A reporting company is any U.S. company that is incorporated with a Secretary of State. This includes any of the following types of companies: LLC (Limited Liability Company), Corporations, Professional Corporations (PC), and LP (Limited Partnerships), Real Estate Investment Trust, Cooperative associations. Also, some trusts may be subject to the CTA provisions.

4) What type of companies are not a “reporting company”?

The Corporate Transparency Act (CTA) exempts the following entities from filing a BOI report.:

    • Securities issuer (e.g. a public company).
    • Domestic governmental authorities.
    • Banks.
    • Domestic credit unions.
    • Depository institution holding companies.
    • Money transmitting business.
    • Brokers or dealers in securities.
    • Other Securities Exchange Act of 1934 entities.
    • Securities exchanges and clearing agencies.
    • Registered investment companies and advisers
    • Venture capital fund advisers.
    • Insurance companies.
    • State licensed insurance producers.
    • Registered utilities under the Commodity Exchange Act.
    • Public accounting firms registered in accordance to Sarbanes-Oxley Act.
    • Public utilities.
    • Financial markets utilities.
    • Pooled investment vehicles.
    • Tax exempt entities.
    • Entities assisting tax exempt entities.
    • Large operating companies.
    • Subsidiaries of certain exempt entities.
    • Inactive business.

5) Does it make any difference for filing a report, if I own an LLC or a Corporation?

No. For purposes of the CTA, an LLC and a corporation must file a BOI report disclosing their beneficial owners and their company applicant.

6) I am a partner in a U.S. partnership, does the CTA requirements apply to me?

Generally, yes. A Limited Partnership (LP) is usually formed by filing a certificate of formation with the secretary of state. A LLP (Limited Liability Partnership) is also registered with a secretary of state and therefore is subject to the CTA.

7) Is a trust subject to the requirements of the CTA?

If the trust is required to submit a certificate of trust with a secretary of state, the trust is subject to submit a BOI report.
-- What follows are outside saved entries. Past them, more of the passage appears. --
text \<open>Primitive of the diffusion coefficient: A(u) = int_0^u a(s) ds (oriented).\<close>
definition Aint :: "(real \<Rightarrow> real) \<Rightarrow> real \<Rightarrow> real" where
  "Aint a u = interval_lebesgue_integral lborel (ereal 0) (ereal u) a"

definition frac_lap :: "real \<Rightarrow> real \<Rightarrow> (real \<Rightarrow> real) \<Rightarrow> real \<Rightarrow> real" where
  "frac_lap c lam w x =
     c * set_lebesgue_integral lborel {z. 0 < \<bar>z\<bar>} (\<lambda>z. (w (x + z) - w x) / \<bar>z\<bar> powr (1 + lam))"

definition cell :: "real \<Rightarrow> int \<Rightarrow> real set" where
  "cell dx i = {real_of_int i * dx ..< real_of_int (i + 1) * dx}"

definition weight :: "real \<Rightarrow> real \<Rightarrow> real \<Rightarrow> int \<Rightarrow> int \<Rightarrow> real" where
  "weight c lam dx i j =
     set_lebesgue_integral lborel (cell dx i) (frac_lap c lam (indicator (cell dx j)))"

definition lap_disc :: "real \<Rightarrow> real \<Rightarrow> real \<Rightarrow> (int \<Rightarrow> real) \<Rightarrow> int \<Rightarrow> real" where
  "lap_disc c lam dx V i = (1 / dx) * infsum (\<lambda>j. weight c lam dx i j * V j) UNIV"

definition dlam :: "real \<Rightarrow> real \<Rightarrow> real" where
  "dlam c lam = c * (set_lebesgue_integral lborel {z. \<bar>z\<bar> < 1} (\<lambda>z. \<bar>z\<bar> powr (- lam))
                   + set_lebesgue_integral lborel {z. 1 < \<bar>z\<bar>} (\<lambda>z. \<bar>z\<bar> powr (- 1 - lam)))"

definition Dminus :: "real \<Rightarrow> (int \<Rightarrow> real) \<Rightarrow> int \<Rightarrow> real" where
  "Dminus dx W i = (W i - W (i - 1)) / dx"

definition Dplus :: "real \<Rightarrow> (int \<Rightarrow> real) \<Rightarrow> int \<Rightarrow> real" where
  "Dplus dx W i = (W (i + 1) - W i) / dx"

text \<open>The numerical scheme; U n i = U_i^n.\<close>
primrec scheme :: "(real \<Rightarrow> real \<Rightarrow> real) \<Rightarrow> (real \<Rightarrow> real) \<Rightarrow> real \<Rightarrow> real \<Rightarrow> real
    \<Rightarrow> real \<Rightarrow> real \<Rightarrow> (real \<Rightarrow> real) \<Rightarrow> nat \<Rightarrow> int \<Rightarrow> real" where
  "scheme fh a b c lam dx dt u0 0 =
     (\<lambda>i. (1 / dx) * set_lebesgue_integral lborel (cell dx i) u0)"
| "scheme fh a b c lam dx dt u0 (Suc n) =
     (let V = scheme fh a b c lam dx dt u0 n in
      (\<lambda>i. V i - dt * Dminus dx (\<lambda>j. fh (V j) (V (j + 1)) - Dplus dx (\<lambda>m. Aint a (V m)) j) i
             + dt * b * lap_disc c lam dx V i))"
lemma euler_equation_solution:
  fixes f :: vfun and P :: "(nat \<Rightarrow> mom) \<Rightarrow> mom"
  assumes "smooth_in k f" and "depends_only k f"
    and P: "\<And>t q. P (\<lambda>i. t *\<^sub>R q i) = t *\<^sub>R P q"
    and eq: "\<And>p. euler k f p + 2 * f p = 2 * a * avg k (\<lambda>q. Cov (P q)) p"
  shows "f p = a * avg k (\<lambda>q. g (P q)) p"
proof -
  define S where "S = {\<sigma>. \<sigma> permutes {..<k}}"
  define F' where "F' t = (\<Sum>i<k. \<Sum>j\<in>UNIV. p i $ j * pd f i j (\<lambda>i. t *\<^sub>R p i))" for t
  define H where "H t = 2 * a * avg k (\<lambda>q. Cov (P q)) (\<lambda>i. t *\<^sub>R p i)" for t
  define K where "K t = a * (\<Sum>\<sigma>\<in>S. t\<^sup>2 * g (t *\<^sub>R P (p \<circ> \<sigma>))) / fact k" for t
  have "f (\<lambda>i. 1 *\<^sub>R p i) = K 1 - K 0"
  proof (rule radial_ode_value_at_1[where c = 2 and H = H])
    show "((\<lambda>t. f (\<lambda>i. t *\<^sub>R p i)) has_real_derivative F' t) (at t)" for t
      unfolding F'_def by (rule ray_has_real_derivative[OF assms(1,2)])
    show "(K has_real_derivative t ^ (2 - 1) * H t) (at t)" for t
    proof -
      have "(K has_real_derivative a * (\<Sum>\<sigma>\<in>S. 2 * t * Cov (t *\<^sub>R P (p \<circ> \<sigma>))) / fact k) (at t)"
        unfolding K_def[abs_def] by (intro DERIV_cdivide DERIV_cmult DERIV_sum scaled_g_has_real_derivative)
      then show ?thesis
        by (simp add: H_def avg_scaleR[OF P, where h = Cov] S_def sum_distrib_left sum_divide_distrib mult_ac comp_def)
    qed
    show "t * F' t + real 2 * f (\<lambda>i. t *\<^sub>R p i) = H t" for t
      using eq[of "\<lambda>i. t *\<^sub>R p i"] by (simp add: euler_scaleR F'_def H_def)
  qed simp
  then show ?thesis
    by (simp add: K_def avg_def S_def)
qed

section \<open>Gaussian integrals\<close>

lemma nn_integral_gaussian:
  fixes a :: real
  assumes "a > 0"
  shows "(\<integral>\<^sup>+x. ennreal (exp (- (a * x\<^sup>2))) \<partial>lborel) = ennreal (sqrt (pi / a))"
proof -
  define s where "s = sqrt (1 / (2 * a))"
  have s: "s > 0" "s\<^sup>2 = 1 / (2 * a)"
    using assms by (simp_all add: s_def)
  have density: "exp (- (a * x\<^sup>2)) = sqrt (pi / a) * normal_density 0 s x" for x
  proof -
    have "sqrt (2 * pi * s\<^sup>2) = sqrt (pi / a)" "- ((x - 0)\<^sup>2) / (2 * s\<^sup>2) = - (a * x\<^sup>2)"
      using assms by (simp_all add: s field_simps)
    then show ?thesis
      using assms by (simp add: normal_density_def)
  qed
  have "(\<integral>\<^sup>+x. ennreal (normal_density 0 s x) \<partial>lborel) = 1"
    using s by (subst nn_integral_eq_integral) auto
  then show ?thesis
    unfolding density using assms
    by (simp add: ennreal_mult nn_integral_cmult)
qed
For example, a business trusts (commonly referred as a Massachusetts trust) or a statutory trust organized in Delaware.

8) Who is a “beneficial owner”?

Any individual who, directly or indirectly, through any contract, arrangement, understanding, relationship, or otherwise, (i) exercises substantial control over the entity or (ii) owns or controls not less than 25% of the ownership interests in the company.

9) What is substantial control?

Generally, an individual exercises substantial control when such person controls a company, by any means (contract, senior position, etc). The following individuals are examples of individuals exercising substantial control:

    • An individual that acts as a senior officer of a company.
    • An individual that has authority over the appointment or removal of any senior officer.
    • An individual that directs, determines or decides, or has substantial influence over, important matters of a reporting company.

10) Who is not a beneficial owner?

There are five categories of individuals that are not considered as beneficial owners. These categories are: minor children, nominees or other intermediaries, employees, inheritors, creditors.

11) My company has 2 or more members or shareholders. Am I required to identify each of the members or shareholders as beneficial owners?

Yes. The BOI report requires that each beneficial owner must be identified and disclosed. If for example an LLC has one member with 10% of ownership but that person is the sole manager of the LLC, such member is a beneficial owner under the substantial control test.

12) What information must be included in the BOI report?

The BOI report must include the following information for the company: Name (include any dba), State of formation, EIN.
For the beneficial owner, the BOI report must include: full name, date of birth, residential address used for tax residency purposes, unique identifying number, identification document.
For the company applicant forming the company: full name, date of birth, residential address used for tax residency purposes, unique identifying number, identification document.